"Aku takut..." bisik Rani dalam gairahnya, apalagi kali ini semua khayalan terlarang selama berhari-hari dalam beberapa detik akan menjelma nyata!
"Just take it easy. Kita coba. Aku akan berhati-hati. Percayalah kepadaku."
Gadis itu masih begitu lugu, namun beberapa saat kemudian, keluguan itu seakan pupus darinya.Â
Entah dua puluh menit, entah dua jam. Ritual suci itu entah sudah berapa kali terulang. Rani baru tahu jika ia bisa seliar ini. Orion pertama membuka jalan, yang Rani rasa begitu pedih pada awalnya. Namun seiring waktu, ia harus mengakui, mereka saling menginginkan hingga kepedihan pun berubah menjadi sensasi luar biasa. Bagaikan kembang api di malam tergelap, bukan hanya memercikkan nyala api, juga meletup-letup berulangkali dalam dirinya.
"Orion, is this just a dream or not? Karena aku tak pernah merasa seperti ini sebelumnya. "

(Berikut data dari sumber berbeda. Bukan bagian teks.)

lemma transport_inv:
  assumes "bij a"
  shows "transport \<phi> J (inv a) = inv (transport \<phi> J a)"
proof (rule inv_unique_comp[symmetric])
  show "transport \<phi> J a \<circ> transport \<phi> J (inv a) = id"
    using surj_iff[THEN iffD1, OF bij_is_surj[OF assms]] by (simp add: transport_id flip: transport_comp)
  show "transport \<phi> J (inv a) \<circ> transport \<phi> J a = id"
    using inj_iff[THEN iffD1, OF bij_is_inj[OF assms]] by (simp add: transport_id flip: transport_comp)
qed

lemma inj_transport: "inj (transport \<phi> J)"
proof (rule injI)
  fix a b assume "transport \<phi> J a = transport \<phi> J b"
  then have "\<phi> (a x) = \<phi> (b x)" for x
    by (metis transport_apply)
  then show "a = b"
    using \<phi> by (auto simp: bij_betw_def inj_eq)
qed

end

lemma homeo_subgroup_transport_preimage:
  assumes \<phi>: "bij_betw \<phi> UNIV J" and G: "homeo_subgroup G"
  shows "homeo_subgroup {x\<in>G. transport \<phi> J x \<in> G}"
  using G homeo_subgroup_bij[OF G]
  unfolding homeo_subgroup_def
  by (auto simp: transport_comp[OF \<phi>] transport_id[OF \<phi>] transport_inv[OF \<phi>])
lemma score_override_split:
  assumes "finite (matches V E)" "A \<subseteq> matches V E"
  shows "score V E \<sigma> (\<lambda>x. if x \<in> A then c else D x) C
       = sum \<sigma> {x \<in> matches V E - A. D x = C x} + sum \<sigma> {x \<in> A. C x = c}"
proof -
  have "{x \<in> matches V E. (if x \<in> A then c else D x) = C x}
      = {x \<in> matches V E - A. D x = C x} \<union> {x \<in> A. C x = c}"
    using assms(2) by auto
  then show ?thesis
    unfolding score_def using assms
    by (subst sum.union_disjoint[symmetric]) (auto intro: finite_subset)
qed

lemma bracket_wins_above_comparable:
  assumes T: "single_elim_tournament V E"
    and C: "is_bracket V E C" and C': "is_bracket V E C'" and cw: "(c, w) \<in> E\<^sup>*"
  shows "{x \<in> E\<^sup>* `` {w}. C x = c} \<subseteq> {x \<in> E\<^sup>* `` {w}. C' x = c}
       \<or> {x \<in> E\<^sup>* `` {w}. C' x = c} \<subseteq> {x \<in> E\<^sup>* `` {w}. C x = c}"
proof (rule ccontr)
  assume "\<not> ?thesis"
  then obtain x y where x: "(w, x) \<in> E\<^sup>*" "C x = c" "C' x \<noteq> c"
    and y: "(w, y) \<in> E\<^sup>*" "C' y = c" "C y \<noteq> c"
    by blast
  have cx: "(c, x) \<in> E\<^sup>*" and cy: "(c, y) \<in> E\<^sup>*"
    using cw x(1) y(1) by (meson rtrancl_trans)+
  from single_valued_confluent[OF single_elim_tournament_single_valued[OF T] x(1) y(1)]
  show False
  proof
    assume "(x, y) \<in> E\<^sup>*"
    then show False using bracket_winner_on_path[OF T C' _ cx y(2)] x(3) by blast
  next
    assume "(y, x) \<in> E\<^sup>*"
    then show False using bracket_winner_on_path[OF T C _ cy x(2)] y(3) by blast
  qed
qed

lemma bracket_wins_above_exclusive:
  assumes T: "single_elim_tournament V E" and C: "is_bracket V E C"
    and cw: "(c, w) \<in> E\<^sup>*" and dw: "(d, w) \<in> E\<^sup>*" and cd: "c \<noteq> d"
  shows "{x \<in> E\<^sup>* `` {w}. C x = c} = {} \<or> {x \<in> E\<^sup>* `` {w}. C x = d} = {}"
proof (rule ccontr)
  assume "\<not> ?thesis"
  then obtain x y where x: "(w, x) \<in> E\<^sup>*" "C x = c" and y: "(w, y) \<in> E\<^sup>*" "C y = d"
    by blast
  have "C w = c" using bracket_winner_on_path[OF T C x(1) cw x(2)] .
  moreover have "C w = d" using bracket_winner_on_path[OF T C y(1) dw y(2)] .
  ultimately show False using cd by simp
qed
theorem lemma2p5:
  fixes k l n m q :: nat and A :: "nat \<Rightarrow> nat \<Rightarrow> nat" and I J :: "nat set"
  assumes "0 < k" "k \<le> l" "gcd k l = 1" "1 \<le> n"
    and "q = m div n"
    and "inD k l m n A"
    and "I \<subseteq> {..<n*k}" "J \<subseteq> {..<n*l}"
    and "\<forall>i\<in>I. \<forall>j\<in>J. A i j \<le> q"
    and "\<forall>I' J'. I' \<subseteq> {..<n*k} \<and> J' \<subseteq> {..<n*l} \<and> (\<forall>i\<in>I'. \<forall>j\<in>J'. A i j \<le> q)
               \<longrightarrow> card I' + card J' \<le> card I + card J"
    and "(n*k - card I) + (n*l - card J) \<le> n*k"
  shows "tdet A {..<n*k} {..<n*l} \<ge>
           min (n*k*(q+1))
               (tdet A ({..<n*k} - I) J + tdet A I ({..<n*l} - J)
                + (n*k - (n*k - card I) - (n*l - card J)) * q)"
proof -
  let ?N = "n*k" and ?M = "n*l"
  have finIJ: "finite I" "finite J" using assms(7,8) finite_subset by auto
  have cards: "card ({..<?N} - I) = ?N - card I" "card ({..<?M} - J) = ?M - card J"
    using assms(7,8) finIJ by (simp_all add: card_Diff_subset)
  have "card J \<le> ?M" "?N \<le> ?M"
    using assms(2,8) card_mono[of "{..<?M}" J] by auto
  then have "card ({..<?N} - I) \<le> card J" "card ({..<?M} - J) \<le> card I"
    unfolding cards using assms(11) by linarith+
  then obtain R f where pt: "partial_transversal {..<?N} {..<?M} R f"
      and "card R = (?N - card I) + (?M - card J)"
      and "(\<Sum>i\<in>R. A i (f i)) = tdet A ({..<?N} - I) J + tdet A I ({..<?M} - J)"
    using transversal_of_off_diagonal_blocks[of "{..<?N}" "{..<?M}" I J A] assms(7,8)
    unfolding cards by auto
  moreover have "q * n \<le> m" using assms(5) by (simp add: div_times_less_eq_dividend)
  ultimately show ?thesis
    using tdet_ge_min_shifted[OF _ _ _ inD_line_sums_ge[OF assms(6)] pt] assms(2)
    by (simp add: diff_diff_add)
qed

end
lemma scatter_empirical_projection:
  fixes N :: nat
  assumes "0 < N"
  shows "a \<bullet> (S (empirical {..<N} Y) *v a) =
    axis k 1 \<bullet> (S (empirical {..<N} (\<lambda>i. (a \<bullet> Y i) *\<^sub>R axis k 1)) *v axis k 1)"
proof -
  define e where "e = (axis k 1 :: real^'d)"
  define M where "M = S (empirical {..<N} Y)"
  obtain t where "t \<longlonglongrightarrow> 0" and invertible: "\<And>j. invertible (t j *\<^sub>R mat 1 + outer_prod e a)"
    using invertible_approx_outer_prod[of e a] by blast
  define A where "A j = t j *\<^sub>R mat 1 + outer_prod e a" for j
  have A_mult: "A j *v y = t j *\<^sub>R y + (a \<bullet> y) *\<^sub>R e" for j y
    by (simp add: A_def matrix_vector_mult_add_rdistrib outer_prod_mult_vec
        scaleR_matrix_vector_assoc[symmetric])
  have mult_A: "e v* A j = t j *\<^sub>R e + a" for j
    by (simp add: A_def vector_matrix_mult_add_rdistrib vector_scaleR_matrix_ac vec_mult_outer_prod
        e_def inner_axis_axis)
  have image: "e \<bullet> (S (empirical {..<N} (\<lambda>i. A j *v Y i)) *v e)
      = (t j *\<^sub>R e + a) \<bullet> (M *v (t j *\<^sub>R e + a))" for j
    using scatter_empirical_affine[OF assms, of "A j" Y 0] invertible[of j]
    by (simp add: A_def[symmetric] M_def quadratic_form_congruence mult_A)
  have "weak_conv (\<lambda>j. empirical {..<N} (\<lambda>i. A j *v Y i)) (empirical {..<N} (\<lambda>i. (a \<bullet> Y i) *\<^sub>R e))"
    unfolding A_mult using assms \<open>t \<longlonglongrightarrow> 0\<close>
    by (intro weak_conv_empirical_pointwise) (auto intro!: tendsto_eq_intros)
  then have "(\<lambda>j. e \<bullet> (S (empirical {..<N} (\<lambda>i. A j *v Y i)) *v e))
      \<longlonglongrightarrow> e \<bullet> (S (empirical {..<N} (\<lambda>i. (a \<bullet> Y i) *\<^sub>R e)) *v e)"
    unfolding e_def axis_quadratic_form using assms
    by (intro tendsto_vec_nth scatter_empirical_tendsto) auto
  moreover have "(\<lambda>j. e \<bullet> (S (empirical {..<N} (\<lambda>i. A j *v Y i)) *v e)) \<longlonglongrightarrow> a \<bullet> (M *v a)"
  proof -
    have "(\<lambda>j. t j *\<^sub>R e + a) \<longlonglongrightarrow> a"
      using tendsto_add[OF tendsto_scaleR[OF \<open>t \<longlonglongrightarrow> 0\<close> tendsto_const] tendsto_const] by simp
    then show ?thesis
      unfolding image by (intro tendsto_inner isCont_tendsto_compose[OF matrix_vector_mult_linear_continuous_at])
  qed
  ultimately show ?thesis
    unfolding M_def e_def by (rule LIMSEQ_unique[symmetric])
qed

lemma scatter_empirical_sum_sq_dev:
  fixes N :: nat
  assumes "CARD('d) \<ge> 2" "2 \<le> N"
  shows "\<exists>c\<ge>0. \<forall>Y a. a \<bullet> (S (empirical {..<N} Y) *v a) = c * sum_sq_dev {..<N} (\<lambda>i. a \<bullet> Y i)"
proof (rule scatter_quadratic_form_eq_sum_sq_dev)
  have "0 < N"
    using assms(2) by simp
  then show "0 \<le> a \<bullet> (S (empirical {..<N} Y) *v a)" for Y a
    using scatter_empirical_nnd unfolding nnd_matrix_def by blast
  have "invertible (mat 1 :: real^'d^'d)"
    by (simp add: invertible_iff_ker)
  then show "S (empirical {..<N} (\<lambda>i. Y i + v)) = S (empirical {..<N} Y)" for Y v
    using scatter_empirical_affine[OF \<open>0 < N\<close>, of "mat 1" Y v] by simp
  show "a \<bullet> (S (empirical {..<N} Y) *v a) =
      axis k 1 \<bullet> (S (empirical {..<N} (\<lambda>i. (a \<bullet> Y i) *\<^sub>R axis k 1)) *v axis k 1)" for Y a k
    by (rule scatter_empirical_projection[OF \<open>0 < N\<close>])
qed (use assms in auto)

lemma scatter_empirical_outlier_tendsto_zero:
  "(\<lambda>j. S (empirical {..<j + 2} (\<lambda>i. if i = 0 then p j else 0))) \<longlonglongrightarrow> 0"
proof -
  have "(\<lambda>j. S (empirical {..<j + 2} (\<lambda>i. if i = 0 then p j else 0)))
      \<longlonglongrightarrow> S (empirical {..<1::nat} (\<lambda>i. 0))"
    by (rule scatter_empirical_tendsto[OF _ _ weak_conv_empirical_outlier]) auto
  then show ?thesis
    using scatter_empirical_zero[of 1] by simp
qed

lemma scatter_empirical_eq_zero:
  fixes N :: nat
  assumes "0 < N" and quadratic_form: "\<And>a. a \<bullet> (S (empirical {..<N} Y) *v a) = 0"
  shows "S (empirical {..<N} Y) = 0"
proof (rule symmetric_matrix_eqI)
  show "transpose (S (empirical {..<N} Y)) = S (empirical {..<N} Y)"
    using scatter_empirical_nnd[OF assms(1)] unfolding nnd_matrix_def by simp
qed (simp_all add: quadratic_form transpose_def vec_eq_iff)

lemma scatter_empirical_coefficients_eventually_zero:
  fixes c :: "nat \<Rightarrow> real"
  assumes c_nonneg: "\<And>N. 2 \<le> N \<Longrightarrow> 0 \<le> c N"
    and c: "\<And>N Y a. 2 \<le> N \<Longrightarrow>
      a \<bullet> (S (empirical {..<N} Y) *v a) = c N * sum_sq_dev {..<N} (\<lambda>i. a \<bullet> Y i)"
  shows "\<exists>J. \<forall>N\<ge>J. c N = 0"
proof -
  fix k :: 'd
  define r where "r N = (if 0 < c N then sqrt (1 / (c N * sum_sq_dev {..<N} (indicator {0}))) else 0)"
    for N :: nat
  have diag: "axis k 1 \<bullet> (S (empirical {..<N} (\<lambda>i. if i = 0 then r N *\<^sub>R axis k 1 else 0)) *v axis k 1)
      = (if 0 < c N then 1 else 0)" if "2 \<le> N" for N
  proof -
    have "0 < sum_sq_dev {..<N} (indicator {0})"
      using that by (intro sum_sq_dev_indicator_pos) auto
    then show ?thesis
      unfolding scatter_empirical_outlier[OF c[OF that]]
      using c_nonneg[OF that] by (cases "0 < c N") (simp_all add: r_def)
  qed
  have "(\<lambda>j. axis k 1 \<bullet> (S (empirical {..<j + 2}
      (\<lambda>i. if i = 0 then r (j + 2) *\<^sub>R axis k 1 else 0)) *v axis k 1)) \<longlonglongrightarrow> 0"
    unfolding axis_quadratic_form
    using tendsto_vec_nth[OF tendsto_vec_nth[OF scatter_empirical_outlier_tendsto_zero]] by simp
  then have "(\<lambda>j. if 0 < c (j + 2) then 1 else 0 :: real) \<longlonglongrightarrow> 0"
    by (simp only: diag le_add2)
  then have "\<forall>\<^sub>F j in sequentially. (if 0 < c (j + 2) then 1 else 0 :: real) < 1"
    by (rule order_tendstoD(2)) simp
  then obtain J where J: "\<And>j. J \<le> j \<Longrightarrow> (if 0 < c (j + 2) then 1 else 0 :: real) < 1"
    unfolding eventually_sequentially by blast
  have "c N = 0" if "J + 2 \<le> N" for N
  proof -
    have "J \<le> N - 2" "N - 2 + 2 = N"
      using that by simp_all
    then have "\<not> 0 < c N"
      using J[of "N - 2"] by (cases "0 < c N") simp_all
    then show ?thesis
      using c_nonneg[of N] that by simp
  qed
  then show ?thesis
    by blast
qed

lemma scatter_empirical_eventually_zero:
  assumes "CARD('d) \<ge> 2"
  shows "\<exists>K::nat. \<forall>N\<ge>K. \<forall>Y. S (empirical {..<N} Y) = 0"
proof -
  have "\<forall>N::nat. \<exists>c. 2 \<le> N \<longrightarrow> 0 \<le> c \<and>
      (\<forall>Y a. a \<bullet> (S (empirical {..<N} Y) *v a) = c * sum_sq_dev {..<N} (\<lambda>i. a \<bullet> Y i))"
    using scatter_empirical_sum_sq_dev[OF assms] by blast
  then obtain c :: "nat \<Rightarrow> real" where "\<forall>N. 2 \<le> N \<longrightarrow> 0 \<le> c N \<and>
      (\<forall>Y a. a \<bullet> (S (empirical {..<N} Y) *v a) = c N * sum_sq_dev {..<N} (\<lambda>i. a \<bullet> Y i))"
    by (rule choice[THEN exE]) blast
  then have c_nonneg: "\<And>N. 2 \<le> N \<Longrightarrow> 0 \<le> c N"
    and c: "\<And>N Y a. 2 \<le> N \<Longrightarrow>
      a \<bullet> (S (empirical {..<N} Y) *v a) = c N * sum_sq_dev {..<N} (\<lambda>i. a \<bullet> Y i)"
    by blast+
  obtain J where J: "\<And>N. J \<le> N \<Longrightarrow> c N = 0"
    using scatter_empirical_coefficients_eventually_zero[OF c_nonneg c] by blast
  have "S (empirical {..<N} Y) = 0" if "max J 2 \<le> N" for N Y
    using that c[where N = N and Y = Y] J[of N] by (intro scatter_empirical_eq_zero) simp_all
  then show ?thesis
    by blast
qed

lemma scatter_all_empirical_zero:
  assumes "CARD('d) \<ge> 2" "Q \<in> all_empirical"
  shows "S Q = 0"
proof -
  obtain n :: nat and X :: "nat \<Rightarrow> real^'d" where Q: "Q = empirical {..<n} X" and "1 \<le> n"
    using assms(2) unfolding all_empirical_def by blast
  obtain K :: nat where K: "\<forall>N\<ge>K. \<forall>Y. S (empirical {..<N} Y) = 0"
    using scatter_empirical_eventually_zero[OF assms(1)] by blast
  have "K \<le> Suc K * n"
    using \<open>1 \<le> n\<close> mult_le_mono2[of 1 n "Suc K"] by simp
  then have "S (empirical {..<Suc K * n} (\<lambda>j. X (j mod n))) = 0"
    using K by blast
  moreover have "empirical {..<Suc K * n} (\<lambda>j. X (j mod n)) = Q"
    unfolding Q by (rule empirical_replicate) (use \<open>1 \<le> n\<close> in simp_all)
  ultimately show ?thesis
    by simp
qed

end

theorem theorem5:
  assumes "CARD('d::finite) \<ge> 2"
  shows
   "(CARD('n::finite) \<ge> 2 \<longrightarrow>
      (\<forall>S :: (real^'d) measure \<Rightarrow> real^'d^'d.
        singularly_affinely_equivariant (range (data_emp :: real^'n^'d \<Rightarrow> _)) S \<longrightarrow>
        (\<exists>c\<ge>0. \<forall>X :: real^'n^'d.
           S (data_emp (centered X)) = c *\<^sub>R (centered X ** transpose (centered X)))))
    \<and>
    (\<forall>S :: (real^'d) measure \<Rightarrow> real^'d^'d.
        affinely_equivariant all_empirical S \<and> weakly_continuous_on all_empirical S \<longrightarrow>
        (\<forall>Q\<in>all_empirical. S Q = 0))"
  using singularly_equivariant_scatter_centered[OF assms] scatter_all_empirical_zero[OF _ _ assms]
  by blast

end
(* Let $X$ be a $T_1$ space and $\mathcal{P}$ an ideal of closed subsets of $X$ containing every singleton subset of $X$. Then: (1) a nonzero ideal $I$ of $C(X)_\mathcal{P}$ is minimal if and only if there exists $\alpha\in X$ with $I=\langle\chi_{\{\alpha\}}\rangle$, if and only if $|Z_\mathcal{P}[I]|=2$; (2) the socle of $C(X)_\mathcal{P}$ consists exactly of the functions in $C(X)_\mathcal{P}$ that vanish everywhere except on a finite set; (3) the socle of $C(X)_\mathcal{P}$ is an essential ideal and is free.
   Context: An ideal of closed subsets of $X$ is a family $\mathcal{P}$ of closed subsets closed under finite unions and under passing to closed subsets. $D_f$ is the set of discontinuity points of $f\in\mathbb{R}^X$; $C(X)_\mathcal{P}=\{f\in\mathbb{R}^X\colon\overline{D_f}\in\mathcal{P}\}$, a commutative ring with pointwise operations. $\chi_A$ denotes the characteristic function of $A$. For $f\in C(X)_\mathcal{P}$, $Z_\mathcal{P}(f)=\{x\colon f(x)=0\}$ and $Z_\mathcal{P}[I]=\{Z_\mathcal{P}(f)\colon f\in I\}$. The socle is the sum of all minimal ideals. An ideal is essential if it meets every nonzero ideal nontrivially; an ideal $I$ is free if $\bigcap Z_\mathcal{P}[I]=\emptyset$. *)

theory Defs
  imports "HOL-Analysis.Analysis"
begin

text \<open>The space X is the whole (type-class) T1 space UNIV :: 'a set.\<close>

definition closed_ideal :: "'a::topological_space set set \<Rightarrow> bool" where
  "closed_ideal P \<longleftrightarrow> (\<forall>A\<in>P. closed A)
     \<and> {} \<in> P
     \<and> (\<forall>A\<in>P. \<forall>B\<in>P. A \<union> B \<in> P)
     \<and> (\<forall>A\<in>P. \<forall>B. closed B \<and> B \<subseteq> A \<longrightarrow> B \<in> P)"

Kelegaan luar biasa berkali-kali melingkupi keduanya bagaikan baru saja lepas dari bahaya besar. Saling berpelukan melepas lelah di atas ranjang yang sama, pasangan itu tak ingin terpisahkan lagi.
"Jadi, kita terus berada di sini untuk selamanya atau bagaimana?" Orion sedari tadi tersenyum tanpa henti. Ia suka sekali melihat Rani yang tersipu malu, berusaha menyembunyikan diri di balik selimut tebal yang ada.
"Belum pernah ada yang melihatku sepertimu. Bagaimanapun, aku sangat bersyukur bisa bersamamu. Hanya satu hal saja yang kucemaskan..." Rani menunduk, membenamkan diri di bahu pengantin prianya.
"Apa itu? Keluarga Delucas?" Orion membelai rambut hitam lembut Rani, menikmati aroma eksotis yang membuai.
"Ya, dan tidak. Dunia ini, semua yang bisa terjadi. Terlalu banyak yang kupikirkan. Bahkan kita belum sempat mengabari keluargaku di Evernesia."
"Kita pasti bisa ke sana suatu hari nanti. Percayalah, kau akan kembali ke tanah airmu bersamaku. Banyak hal yang bisa kita lakukan bersama-sama."